Косточкин тут же возразил с жаром:
— Нет вовсе!.. И я не на службе, а сам.
— Я так и думала.
— Что?
— Ну, такое событие нельзя пропустить. Тем более фотографу.
— Да, — согласился он. — Хотя я всего лишь свадебный…
Она улыбнулась с иронией.
— Перестаньте. Это мне напомнило ту фразу из детского кино.
— Какую?
— Ах, я не волшебник, я только учусь.
— Волшебниками были первые, как обычно, — сказал Косточкин. — Первая фотка, первая цветная… А сейчас пошли ремесленники. Знаете, я все же решил фотографировать, так сказать, вслепую. Будь что будет…
По крыльцу поднимался Охлопьев, он уже стаскивал с головы меховую кепку, обнажая седые длинные волосы.
— Напрасно медлите, — бросил он Косточкину, — потом не протолкнетесь.
И вошел с остальными в собор.
— Вы уже знакомы? — спросила с некоторым удивлением девушка.
Косточкин кивнул. И в свою очередь поинтересовался, знакома ли она с ним.
— Ну да, еще бы. Кто не знает нашего толедца, человека стены. Тем более он мой бывший препод. Я с ним уже здоровалась. А когда вы успели?
— Он вызвал мне «скорую»…
— Ах, да. Брат рассказал вашу историю.
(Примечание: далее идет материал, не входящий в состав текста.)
section \<open>Evaluating the inverse series\<close>

lemma sums_fps_neg_ln_one_minus:
  fixes g :: real
  assumes "\<bar>g\<bar> < 1"
  shows "(\<lambda>k. fps_neg_ln_one_minus $ k * g ^ k) sums (- ln (1 - g))"
proof -
  have "(\<lambda>n. - (- ((-(-g)) ^ n) / of_nat n)) sums (- ln (1 + - g))"
    using assms by (intro sums_minus ln_series') auto
  moreover have "- (- ((-(-g)) ^ n) / of_nat n) = fps_neg_ln_one_minus $ n * g ^ n" for n
    by (simp add: fps_neg_ln_one_minus_def)
  ultimately show ?thesis by simp
qed

definition psi :: "real \<Rightarrow> real \<Rightarrow> real" where
  "psi c w = w * (1 - w) powr c"

lemma psi_strict_mono:
  assumes c: "c > 0" and g: "0 \<le> g" "g < w" and w: "w \<le> 1 / (1 + c)"
  shows "psi c g < psi c w"
proof -
  have w1: "w < 1" using w c g by (smt (verit) divide_less_eq_1_pos)
  show ?thesis
  proof (cases "g = 0")
    case True
    then show ?thesis using g w1 by (simp add: psi_def)
  next
    case False
    define r where "r = g / w"
    define s where "s = (1 - g) / (1 - w)"
    have r: "r > 0" using False g by (simp add: r_def)
    have s: "s - 1 > 0" using g w1 by (simp add: s_def field_simps)
    have "(r - 1) + c * (s - 1) = (w - g) * (c * w - (1 - w)) / (w * (1 - w))"
      using g w1 by (simp add: r_def s_def field_simps)
    moreover have "c * w - (1 - w) \<le> 0" using w c by (simp add: field_simps)
    ultimately have "(r - 1) + c * (s - 1) \<le> 0"
      using g w1 by (simp add: divide_nonpos_pos mult_nonneg_nonpos)
    moreover have "ln r \<le> r - 1" "ln s < s - 1"
      using ln_le_minus_one[OF r] ln_add_one_self_less_self[OF s] by auto
    ultimately have "ln (r * s powr c) < 0"
      using r s c by (simp add: ln_mult ln_powr) (smt (verit) mult_strict_left_mono)
    then have "r * s powr c < 1" using r s by (simp add: ln_less_zero_iff)
    then show ?thesis
      using g w1 by (simp add: psi_def r_def s_def powr_divide field_simps)
  qed
qed

lemma psi_le_psi_max:
  assumes c: "c > 0" and u: "0 \<le> u" "u < 1"
  shows "psi c u \<le> psi c (1 / (1 + c))"
proof (cases "u = 0")
  case True
  then show ?thesis using c by (simp add: psi_def)
next
  case False
  define m where "m = 1 / (1 + c)"
  have m: "0 < m" "m < 1" using c by (auto simp: m_def)
  define r where "r = u / m"
  define s where "s = (1 - u) / (1 - m)"
  have rs: "r > 0" "s > 0" using False u m by (auto simp: r_def s_def)
  have "ln r + c * ln s \<le> (r - 1) + c * (s - 1)"
    using ln_le_minus_one[OF rs(1)] ln_le_minus_one[OF rs(2)] c by (smt (verit) mult_left_mono)
  also have "(r - 1) + c * (s - 1) = 0"
    using c m by (simp add: r_def s_def m_def field_simps)
  finally have "ln (r * s powr c) \<le> 0" using rs by (simp add: ln_mult ln_powr)
  then have "r * s powr c \<le> 1" using rs by simp
  then show ?thesis
    using u m by (simp add: psi_def m_def [symmetric] r_def s_def powr_divide field_simps)
qed

lemma fps_inv_psi_fps_partial_sum_le:
  assumes c: "c \<ge> 0" and w: "0 \<le> w" "w < 1"
  shows "(\<Sum>n<N. fps_inv (psi_fps c) $ n * psi c w ^ n) \<le> w"
proof (induction N)
  case (Suc N)
  define G where "G = fps_inv (psi_fps c)"
  define t where "t = psi c w"
  have t: "t \<ge> 0" using w by (simp add: t_def psi_def)
  have E_nonneg: "0 \<le> fps_pochhammer c $ n" for n using c by (rule fps_pochhammer_nth_nonneg)
  have E_sums: "(\<lambda>k. fps_pochhammer c $ k * w ^ k) sums ((1 - w) powr (- c))"
    using w by (intro sums_fps_pochhammer) simp
  have G_nonneg: "0 \<le> G $ n" for n unfolding G_def using c by (rule fps_inv_psi_fps_nth_nonneg)
  have G0: "G $ 0 = 0" by (simp add: G_def fps_inv_def)
  have G_Suc: "G $ Suc n = (fps_pochhammer c oo G) $ n" for n
    unfolding G_def by (subst fps_inv_psi_fps_eq) simp
  have "(\<Sum>n<Suc N. G $ n * t ^ n) = t * (\<Sum>n<N. (fps_pochhammer c oo G) $ n * t ^ n)"
    by (simp add: sum.lessThan_Suc_shift G_Suc G0 sum_distrib_left algebra_simps del: sum.lessThan_Suc)
  also have "\<dots> \<le> t * (\<Sum>k<N. fps_pochhammer c $ k * (\<Sum>j<N. G $ j * t ^ j) ^ k)"
    using fps_compose_partial_sum_le[OF E_nonneg G_nonneg t] t by (intro mult_left_mono) auto
  also have "\<dots> \<le> t * (\<Sum>k<N. fps_pochhammer c $ k * w ^ k)"
    using Suc.IH t E_nonneg G_nonneg
    by (intro mult_left_mono sum_mono power_mono) (auto simp: G_def t_def intro!: sum_nonneg)
  also have "\<dots> \<le> t * (1 - w) powr (- c)"
    using sum_le_suminf[OF sums_summable[OF E_sums], of "{..<N}"] sums_unique[OF E_sums] E_nonneg w t
    by (intro mult_left_mono) (auto intro!: mult_nonneg_nonneg simp del: fps_pochhammer_nth)
  also have "\<dots> = w"
    using w by (simp add: t_def psi_def powr_minus field_simps)
  finally show ?case by (simp add: G_def t_def)
qed (use w in simp)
А мы с Янкой думали, вы разыгрываете… Ну, про поцелуй башни.
У Косточкина снова оцепенел затылок.
— Что вы так… заторможенно глядите?
— Да так… Немного двоится действительность.
— Правда? — Она внимательно и глубоко взглянула.
Она была чудесно сероглаза, темноволоса, бледновата, вокруг носа обозначались слабые веснушки. На ней было облегающее длиннополое темно-синее пальто. Некоторое время они глядели друг на друга.
— Входите, входите, не стойте! У-ха-ха-ха, умора! Чё стоять-то?
Они оба оглянулись. Это была та дурковатая девица в куртке, тренировочных штанах с лампасами и разбитых кроссовках, но туго повязанная шерстяным белым платком.
— А, вот твой фотик, — сказала она. — Ну сфоткай все, сфоткай. Давай. Потом уже ничего не будет. Всех злых, хотящих добра себе. Дайте добра злу! — Она ощерила в улыбке желтые зубы. — Дайте, дайте! Двоеженцам, троеженцам, дайте, дайте. Хы-ы. И вору, дайте, дайте еще украсть чтобы. Добра, добра, всем добра. Все злыдням — добра и только добра дай, Матушка-заступница. Хы-ы!
— Да, и я специально пришел, — поспешно сказал Косточкин, прерывая поток ее речи, — специально, чтобы…
— Хы-ы, хы-ы.
— Вы говорили, что ваша знакомая… Чтобы вот и сфоткать ее с голубями. Где она?
— Как где? Они ее прогнали, они ей не дали, не пустили! — затараторила она, указывая на стоявших поодаль полицейских и казаков. — Забоялись, подлюги! Не дали, не пустили Мартыновну в небо к Мати Божией. Голубам ее крылышки обстригли, наголо, наголо побрили! Забоялися!